Campaigners say new rules regulating gambling advertising do not go far enough.

The Committees of Advertising Practice have drawn up new standards to be brought into force on 1 April which will prohibit the targeting of children online.

They will ban betting ads using celebrities likely to appeal to under-18s, featuring cartoon characters in online gambling games, and placing betting adverts on websites aimed at children.

‘Lost opportunity’

However, while the Advertising Standards Authority is set to enforce the new regulations, it does not have the power to issue fines.

Bishop of St Albans the Rt Revd Alan Smith said the guidelines amounted to a “lost opportunity”.

“With little consequences for companies flouting the rules and few teeth to enforce these new directives, the Committee of Advertising Practice needs to step up their approach.”

Growing problem

Matt Zarb-Cousin of the Campaign for Fairer Gambling also said the growing problem of children becoming hooked on betting needed to be tackled.

He said: “We have to decide whether we actually want to prevent gambling companies advertising to children, and if so we need to face up to the fact that much more can be done.”

He proposed banning all gambling adverts before the watershed, including around live sporting events – for which there is currently an exemption – and said this should also include shirt sponsors and stadium hoardings.


In a recent article for The Times, columnist Clare Foges hit out at the prevalence of gambling advertising, “and the fact that it is sucking in children”.
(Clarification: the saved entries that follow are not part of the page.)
lemma expected_share_strict_mono_below:
  assumes "0 < \<eta>" "\<eta> < 1/4" "0 \<le> p" "p \<le> 1" "0 < W1" "0 < W0"
    and "W1 \<le> exp \<eta> * W0" "W0 \<le> exp \<eta> * W1"
    and "0 \<le> a" "a < p - 4 * \<eta>"
  shows "expected_share \<eta> p C W1 W0 a < expected_share \<eta> p C W1 W0 (p - 4 * \<eta>)"
proof (rule DERIV_pos_imp_increasing[OF assms(10)])
  fix x assume x: "a \<le> x" "x \<le> p - 4 * \<eta>"
  define E1 E0 where "E1 = exp (\<eta> * (C + qscore x 1))" and "E0 = exp (\<eta> * (C + qscore x 0))"
  define v1 v0 where "v1 = logistic_slope E1 W1" and "v0 = logistic_slope E0 W0"
  have "E1 \<le> exp \<eta> * E0" "E0 \<le> exp \<eta> * E1"
    using exp_mult_add_le[OF assms(1), of "2 * x - 1" "C + qscore x 0"] x assms
    by (simp_all add: E1_def E0_def qscore_one_eq add.assoc)
  then have "v0 \<le> (exp \<eta>)\<^sup>2 * v1"
    unfolding v0_def v1_def using assms by (intro logistic_slope_ratio_le) (auto simp: E1_def E0_def)
  moreover have "(exp \<eta>)\<^sup>2 \<le> 1 + 4 * \<eta>"
    using exp_le_one_plus_double[of "2 * \<eta>"] assms by (simp add: exp_double[symmetric])
  moreover have v1_pos: "0 < v1"
    using assms by (simp add: v1_def E1_def logistic_slope_pos)
  ultimately have v0_le: "v0 \<le> (1 + 4 * \<eta>) * v1"
    by (meson less_imp_le mult_right_mono order_trans)
  have "(1 - p) * x * (4 * \<eta>) \<le> 1/4 * (4 * \<eta>)"
    using mult_le_quarter[of x p] x assms by (intro mult_right_mono) auto
  then have "0 < p * (1 - x) - (1 - p) * x * (1 + 4 * \<eta>)"
    using x assms(1) by (simp add: algebra_simps)
  then have "0 < (p * (1 - x) - (1 - p) * x * (1 + 4 * \<eta>)) * v1"
    using v1_pos by simp
  moreover have "(1 - p) * x * v0 \<le> (1 - p) * x * ((1 + 4 * \<eta>) * v1)"
    using v0_le x assms by (intro mult_left_mono) auto
  ultimately have "0 < p * (1 - x) * v1 - (1 - p) * x * v0"
    by (simp add: algebra_simps)
  then have "0 < 2 * \<eta> * (p * (1 - x) * v1 - (1 - p) * x * v0)"
    using assms(1) by simp
  then show "\<exists>y. (expected_share \<eta> p C W1 W0 has_real_derivative y) (at x) \<and> 0 < y"
    using expected_share_has_real_derivative[OF assms(5,6)]
    unfolding v1_def v0_def E1_def E0_def by blast
qed

lemma expected_share_strict_antimono_above:
  assumes "0 < \<eta>" "\<eta> < 1/4" "0 \<le> p" "p \<le> 1" "0 < W1" "0 < W0"
    and "W1 \<le> exp \<eta> * W0" "W0 \<le> exp \<eta> * W1"
    and "a \<le> 1" "p + 4 * \<eta> < a"
  shows "expected_share \<eta> p C W1 W0 a < expected_share \<eta> p C W1 W0 (p + 4 * \<eta>)"
  using expected_share_strict_mono_below[of \<eta> "1 - p" W0 W1 "1 - a" C] assms
    expected_share_reflect[of \<eta> p C W1 W0 "1 - a"]
    expected_share_reflect[of \<eta> p C W1 W0 "1 - p - 4 * \<eta>"]
  by (simp add: algebra_simps)

lemma expected_share_lt_towards_belief:
  assumes "0 < \<eta>" "\<eta> < 1/4" "0 \<le> p" "p \<le> 1" "0 < W1" "0 < W0"
    and "W1 \<le> exp \<eta> * W0" "W0 \<le> exp \<eta> * W1"
    and "0 \<le> x" "x \<le> 1" "4 * \<eta> < \<bar>x - p\<bar>"
  shows "expected_share \<eta> p C W1 W0 x
           < expected_share \<eta> p C W1 W0 (if x < p then p - 4 * \<eta> else p + 4 * \<eta>)"
  using expected_share_strict_mono_below[of \<eta> p W1 W0 x C]
    expected_share_strict_antimono_above[of \<eta> p W1 W0 x C] assms
  by (cases "x < p") auto

subsection \<open>Conditioning on the outcomes of all events but one\<close>

definition score :: "nat \<Rightarrow> (nat \<Rightarrow> real) \<Rightarrow> nat set \<Rightarrow> real" where
  "score m r Y = (\<Sum>t<m. qscore (r t) (outcome Y t))"

definition score_except :: "nat \<Rightarrow> (nat \<Rightarrow> real) \<Rightarrow> nat \<Rightarrow> nat set \<Rightarrow> real" where
  "score_except m r s Y = (\<Sum>t\<in>{..<m} - {s}. qscore (r t) (outcome Y t))"

definition others_weight :: "real \<Rightarrow> nat \<Rightarrow> nat \<Rightarrow> (nat \<Rightarrow> nat \<Rightarrow> real) \<Rightarrow> nat \<Rightarrow> nat set \<Rightarrow> real" where
  "others_weight \<eta> n m R i Y = (\<Sum>j\<in>{..<n} - {i}. exp (\<eta> * score m (R j) Y))"

definition outcome_prob_except :: "nat \<Rightarrow> (nat \<Rightarrow> real) \<Rightarrow> nat \<Rightarrow> nat set \<Rightarrow> real" where
  "outcome_prob_except m p s Y = (\<Prod>t\<in>{..<m} - {s}. if t \<in> Y then p t else 1 - p t)"

lemma MW_eq_score:
  "MW \<eta> n m R Y i = exp (\<eta> * score m (R i) Y) / (\<Sum>j<n. exp (\<eta> * score m (R j) Y))"
  by (simp add: MW_def score_def)

lemma sum_Pow_remove:
  assumes "finite A" "s \<in> A"
  shows "(\<Sum>Y\<in>Pow A. f Y) = (\<Sum>Y\<in>Pow (A - {s}). f Y + f (insert s Y))"
proof -
  have "Pow A = Pow (A - {s}) \<union> insert s ` Pow (A - {s})"
    using Pow_insert[of s "A - {s}"] assms(2) by (simp add: insert_absorb)
  moreover have "Pow (A - {s}) \<inter> insert s ` Pow (A - {s}) = {}"
    by auto
  moreover have "inj_on (insert s) (Pow (A - {s}))"
    by (auto simp: inj_on_def)
  ultimately show ?thesis
    using assms(1) by (simp add: sum.union_disjoint sum.reindex sum.distrib)
qed

lemma score_fun_upd:
  assumes "s < m"
  shows "score m (r(s := x)) Y = score_except m r s Y + qscore x (outcome Y s)"
  using assms unfolding score_def score_except_def
  by (subst sum.remove[of "{..<m}" s]) (auto intro!: sum.cong)

lemma score_except_insert: "score_except m r s (insert s Y) = score_except m r s Y"
  unfolding score_except_def by (intro sum.cong) (auto simp: outcome_def)

lemma score_insert:
  assumes "s < m" "s \<notin> Y"
  shows "score m r (insert s Y) = score m r Y + (2 * r s - 1)"
  using score_fun_upd[OF assms(1), of r "r s" "insert s Y"] score_fun_upd[OF assms(1), of r "r s" Y]
    assms(2)
  by (simp add: score_except_insert outcome_def qscore_one_eq)

lemma sum_fun_upd_remove:
  fixes i n :: nat
  assumes "i < n"
  shows "(\<Sum>j<n. g ((R(i := v)) j)) = g v + (\<Sum>j\<in>{..<n} - {i}. g (R j))"
proof -
  have "(\<Sum>j<n. g ((R(i := v)) j)) = g v + (\<Sum>j\<in>{..<n} - {i}. g ((R(i := v)) j))"
    using assms by (subst sum.remove[of "{..<n}" i]) auto
  also have "(\<Sum>j\<in>{..<n} - {i}. g ((R(i := v)) j)) = (\<Sum>j\<in>{..<n} - {i}. g (R j))"
    by (intro sum.cong) auto
  finally show ?thesis .
qed

lemma MW_fun_upd_eq_weight_share:
  assumes "i < n" "s < m"
  shows "MW \<eta> n m (R(i := r(s := x))) Y i
           = weight_share \<eta> (score_except m r s Y) (others_weight \<eta> n m R i Y) (outcome Y s) x"
  using sum_fun_upd_remove[OF assms(1), of "\<lambda>q. exp (\<eta> * score m q Y)" R "r(s := x)"]
  by (simp add: MW_eq_score others_weight_def weight_share_def score_fun_upd[OF assms(2)])

lemma outcome_prob_remove:
  assumes "s < m" "s \<notin> Y"
  shows "outcome_prob m p Y = (1 - p s) * outcome_prob_except m p s Y"
    and "outcome_prob m p (insert s Y) = p s * outcome_prob_except m p s Y"
  using assms unfolding outcome_prob_def outcome_prob_except_def
  by (subst prod.remove[of "{..<m}" s]; auto intro!: prod.cong)+

lemma expected_MW_eq_sum_expected_share:
  assumes "i < n" "s < m"
  shows "expected_M (MW \<eta> n m) m (R(i := r(s := x))) p i =
    (\<Sum>Y\<in>Pow ({..<m} - {s}). outcome_prob_except m p s Y *
       expected_share \<eta> (p s) (score_except m r s Y)
         (others_weight \<eta> n m R i (insert s Y)) (others_weight \<eta> n m R i Y) x)"
  unfolding expected_M_def using assms(2)
  by (subst sum_Pow_remove[of _ s])
     (auto intro!: sum.cong simp: outcome_prob_remove MW_fun_upd_eq_weight_share[OF assms]
       expected_share_def score_except_insert outcome_def algebra_simps)

lemma others_weight_pos:
  assumes "2 \<le> n" "i < n"
  shows "0 < others_weight \<eta> n m R i Y"
proof -
  have "(if i = 0 then 1 else 0) \<in> {..<n} - {i}"
    using assms by auto
  then show ?thesis
    unfolding others_weight_def by (intro sum_pos) auto
qed

lemma others_weight_insert_le:
  assumes "0 < \<eta>" "s < m" "s \<notin> Y" "\<forall>j<n. j \<noteq> i \<longrightarrow> R j \<in> reports m"
  shows "others_weight \<eta> n m R i (insert s Y) \<le> exp \<eta> * others_weight \<eta> n m R i Y"
    and "others_weight \<eta> n m R i Y \<le> exp \<eta> * others_weight \<eta> n m R i (insert s Y)"
proof -
  have "-1 \<le> 2 * R j s - 1" "2 * R j s - 1 \<le> 1" if "j \<in> {..<n} - {i}" for j
    using that assms(2,4) unfolding reports_def by auto
  then show "others_weight \<eta> n m R i (insert s Y) \<le> exp \<eta> * others_weight \<eta> n m R i Y"
    and "others_weight \<eta> n m R i Y \<le> exp \<eta> * others_weight \<eta> n m R i (insert s Y)"
    unfolding others_weight_def sum_distrib_left score_insert[OF assms(2,3)]
    by (auto intro!: sum_mono exp_mult_add_le[OF assms(1)])
qed

subsection \<open>Reports far from the belief are strictly dominated\<close>

lemma far_report_strictly_dominated:
  assumes "0 < \<eta>" "\<eta> < 1/4" "2 \<le> n" "i < n" "p \<in> reports m" "r \<in> reports m" "s < m"
    and far: "4 * \<eta> < \<bar>r s - p s\<bar>"
  shows "\<exists>rhat\<in>reports m. strictly_dominates (MW \<eta> n m) n m i p rhat r"
proof -
  define b where "b = (if r s < p s then p s - 4 * \<eta> else p s + 4 * \<eta>)"
  have p01: "0 \<le> p s" "p s \<le> 1" and r01: "0 \<le> r s" "r s \<le> 1"
    using assms(5-7) unfolding reports_def by auto
  have "r(s := b) \<in> reports m"
    using assms(1,6) p01 r01 far unfolding b_def reports_def by auto
  moreover have "expected_M (MW \<eta> n m) m (R(i := r)) p i
                   < expected_M (MW \<eta> n m) m (R(i := r(s := b))) p i"
    if others: "\<forall>j<n. j \<noteq> i \<longrightarrow> R j \<in> reports m" for R
  proof -
    define Q where "Q = outcome_prob_except m p s"
    define G where "G Y = expected_share \<eta> (p s) (score_except m r s Y)
      (others_weight \<eta> n m R i (insert s Y)) (others_weight \<eta> n m R i Y)" for Y
    have G_less: "G Y (r s) < G Y b" if "Y \<in> Pow ({..<m} - {s})" for Y
      unfolding G_def b_def using that assms p01 r01
      by (intro expected_share_lt_towards_belief others_weight_pos others_weight_insert_le others)
        auto
    \<comment> \<open>each event takes its likelier value, so Y0 has positive probability\<close>
    define Y0 where "Y0 = {t \<in> {..<m} - {s}. 1/2 \<le> p t}"
    have "(\<Sum>Y\<in>Pow ({..<m} - {s}). Q Y * G Y (r s)) < (\<Sum>Y\<in>Pow ({..<m} - {s}). Q Y * G Y b)"
    proof (rule sum_strict_mono_ex1)
      have "0 \<le> Q Y" for Y
        using assms(5) unfolding Q_def outcome_prob_except_def reports_def
        by (intro prod_nonneg) auto
      then show "\<forall>Y\<in>Pow ({..<m} - {s}). Q Y * G Y (r s) \<le> Q Y * G Y b"
        using G_less by (auto intro: mult_left_mono less_imp_le)
      have "0 < Q Y0"
        unfolding Q_def outcome_prob_except_def by (intro prod_pos) (auto simp: Y0_def)
      moreover have "Y0 \<in> Pow ({..<m} - {s})"
        by (auto simp: Y0_def)
      ultimately show "\<exists>Y\<in>Pow ({..<m} - {s}). Q Y * G Y (r s) < Q Y * G Y b"
        using G_less mult_strict_left_mono by blast
    qed simp
    then show ?thesis
      using expected_MW_eq_sum_expected_share[OF assms(4,7), of \<eta> R r _ p]
      unfolding Q_def G_def by (metis fun_upd_triv)
  qed
  ultimately show ?thesis
    unfolding strictly_dominates_def by blast
qed

subsection \<open>Existence of undominated reports\<close>

lemma compact_unit_box:
  "compact (Pi\<^sub>E UNIV (\<lambda>t::nat. if t < m then {0..1::real} else {0}))"
proof -
  have "compactin (product_topology (\<lambda>_. euclidean) UNIV)
          (Pi\<^sub>E UNIV (\<lambda>t::nat. if t < m then {0..1::real} else {0}))"
    by (subst compactin_PiE) auto
  then show ?thesis
    by (simp add: euclidean_product_topology)
qed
She said: “In the playground and in their bedrooms they are learning the pleasure of putting money on an unknown outcome, feeling their heart race, getting a taste of the highs.”

“Where is the outrage?”

Foges called for a “radical” overhaul of the gambling industry.

“Some will deride this as moral panic, but when children are being seduced into a lifetime of debt and mental health problems by a greedy, rapacious industry, then moral panic seems entirely the right response.”